— What you will do —
Work out the number of lines below containing the word "proof" and give nothing besides it.

(Extracted records)

=======

lemma length_trajectory:
  "xs \<in> set_pmf (trajectory K x t) \<Longrightarrow> length xs = Suc t"
  by (induction t arbitrary: xs) auto

lemma last_trajectory:
  assumes "xs \<in> set_pmf (trajectory K x t)"
  shows "xs \<noteq> []" and "last xs = xs ! t"
  using length_trajectory[OF assms] by (metis Zero_not_Suc diff_Suc_1 last_conv_nth list.size(3))+

lemma trajectory_invariant:
  assumes "x \<in> \<Omega>" and "\<forall>s\<in>\<Omega>. set_pmf (K s) \<subseteq> \<Omega>"
  shows "xs \<in> set_pmf (trajectory K x t) \<Longrightarrow> set xs \<subseteq> \<Omega>"
proof (induction t arbitrary: xs)
  case (Suc t)
  then obtain ys y where ys: "ys \<in> set_pmf (trajectory K x t)"
    and y: "y \<in> set_pmf (K (last ys))" and xs: "xs = ys @ [y]"
    by auto
  have "last ys \<in> \<Omega>"
    using Suc.IH[OF ys] last_trajectory(1)[OF ys] last_in_set by blast
  with y assms(2) xs Suc.IH[OF ys] show ?case by auto
qed (use assms(1) in simp)

lemma expectation_trajectory_Suc:
  fixes h :: "'s \<Rightarrow> real"
  assumes "\<And>s. \<bar>h s\<bar> \<le> B"
  shows "measure_pmf.expectation (trajectory K x (Suc t)) (\<lambda>xs. h (last xs))
       = measure_pmf.expectation (trajectory K x t) (\<lambda>xs. measure_pmf.expectation (K (last xs)) h)"
  by (simp add: expectation_bind_pmf_bounded[where B = B] assms)

lemma expectation_trajectory_drift:
  fixes \<Phi> :: "'s \<Rightarrow> real"
  assumes "x \<in> \<Omega>" and "\<forall>s\<in>\<Omega>. set_pmf (K s) \<subseteq> \<Omega>"
    and bounds: "\<forall>s. 0 \<le> \<Phi> s \<and> \<Phi> s \<le> B"
    and drift: "\<forall>s\<in>\<Omega>. \<Phi> s + (if P s then 0 else \<delta>) \<le> measure_pmf.expectation (K s) \<Phi>"
    and "0 \<le> \<delta>"
  shows "measure_pmf.expectation (trajectory K x t) (\<lambda>xs. \<Phi> (last xs))
         + \<delta> * measure_pmf.prob (trajectory K x t) {xs. \<forall>s\<le>t. \<not> P (xs ! s)}
       \<le> measure_pmf.expectation (trajectory K x (Suc t)) (\<lambda>xs. \<Phi> (last xs))"
proof -
  let ?D = "trajectory K x t" and ?A = "{xs. \<forall>s\<le>t. \<not> P (xs ! s)}"
  have abs_\<Phi>: "\<bar>\<Phi> s\<bar> \<le> B" for s
    using bounds by (simp add: abs_le_iff)
  have step_bounds: "\<bar>measure_pmf.expectation (K s) \<Phi>\<bar> \<le> B" for s
  proof -
    have "integrable (measure_pmf (K s)) \<Phi>"
      by (rule integrable_measure_pmf_bounded[OF abs_\<Phi>])
    then show ?thesis
      using bounds measure_pmf.integral_ge_const[of _ \<Phi> 0] measure_pmf.integral_le_const[of _ \<Phi> B]
      by (simp add: abs_le_iff)
  qed
  have pointwise: "\<Phi> (last xs) + \<delta> * indicator ?A xs \<le> measure_pmf.expectation (K (last xs)) \<Phi>"
    if "xs \<in> set_pmf ?D" for xs
  proof -
    have "last xs \<in> \<Omega>"
      using trajectory_invariant[OF assms(1,2) that] last_trajectory(1)[OF that] last_in_set by blast
    then have "\<Phi> (last xs) + (if P (last xs) then 0 else \<delta>) \<le> measure_pmf.expectation (K (last xs)) \<Phi>"
      using drift by blast
    moreover have "\<delta> * indicator ?A xs \<le> (if P (last xs) then 0 else \<delta>)"
      using last_trajectory(2)[OF that] \<open>0 \<le> \<delta>\<close> by (auto simp: indicator_def)
    ultimately show ?thesis by linarith
  qed
  have int_\<Phi>: "integrable (measure_pmf ?D) (\<lambda>xs. \<Phi> (last xs))"
    by (rule integrable_measure_pmf_bounded[OF abs_\<Phi>])
  have int_A: "integrable (measure_pmf ?D) (\<lambda>xs. \<delta> * indicator ?A xs)"
    by (rule integrable_measure_pmf_bounded[where B = "\<bar>\<delta>\<bar>"]) (simp add: indicator_def)
  have "measure_pmf.expectation ?D (\<lambda>xs. \<Phi> (last xs)) + \<delta> * measure_pmf.prob ?D ?A
      = measure_pmf.expectation ?D (\<lambda>xs. \<Phi> (last xs) + \<delta> * indicator ?A xs)"
    using Bochner_Integration.integral_add[OF int_\<Phi> int_A] by simp
  also have "\<dots> \<le> measure_pmf.expectation ?D (\<lambda>xs. measure_pmf.expectation (K (last xs)) \<Phi>)"
    by (intro integral_mono_AE AE_pmfI pointwise integrable_measure_pmf_bounded[OF step_bounds]
          Bochner_Integration.integrable_add int_\<Phi> int_A)
  also have "\<dots> = measure_pmf.expectation (trajectory K x (Suc t)) (\<lambda>xs. \<Phi> (last xs))"
    by (rule expectation_trajectory_Suc[OF abs_\<Phi>, symmetric])
  finally show ?thesis .
qed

=======

— Exercise output —
4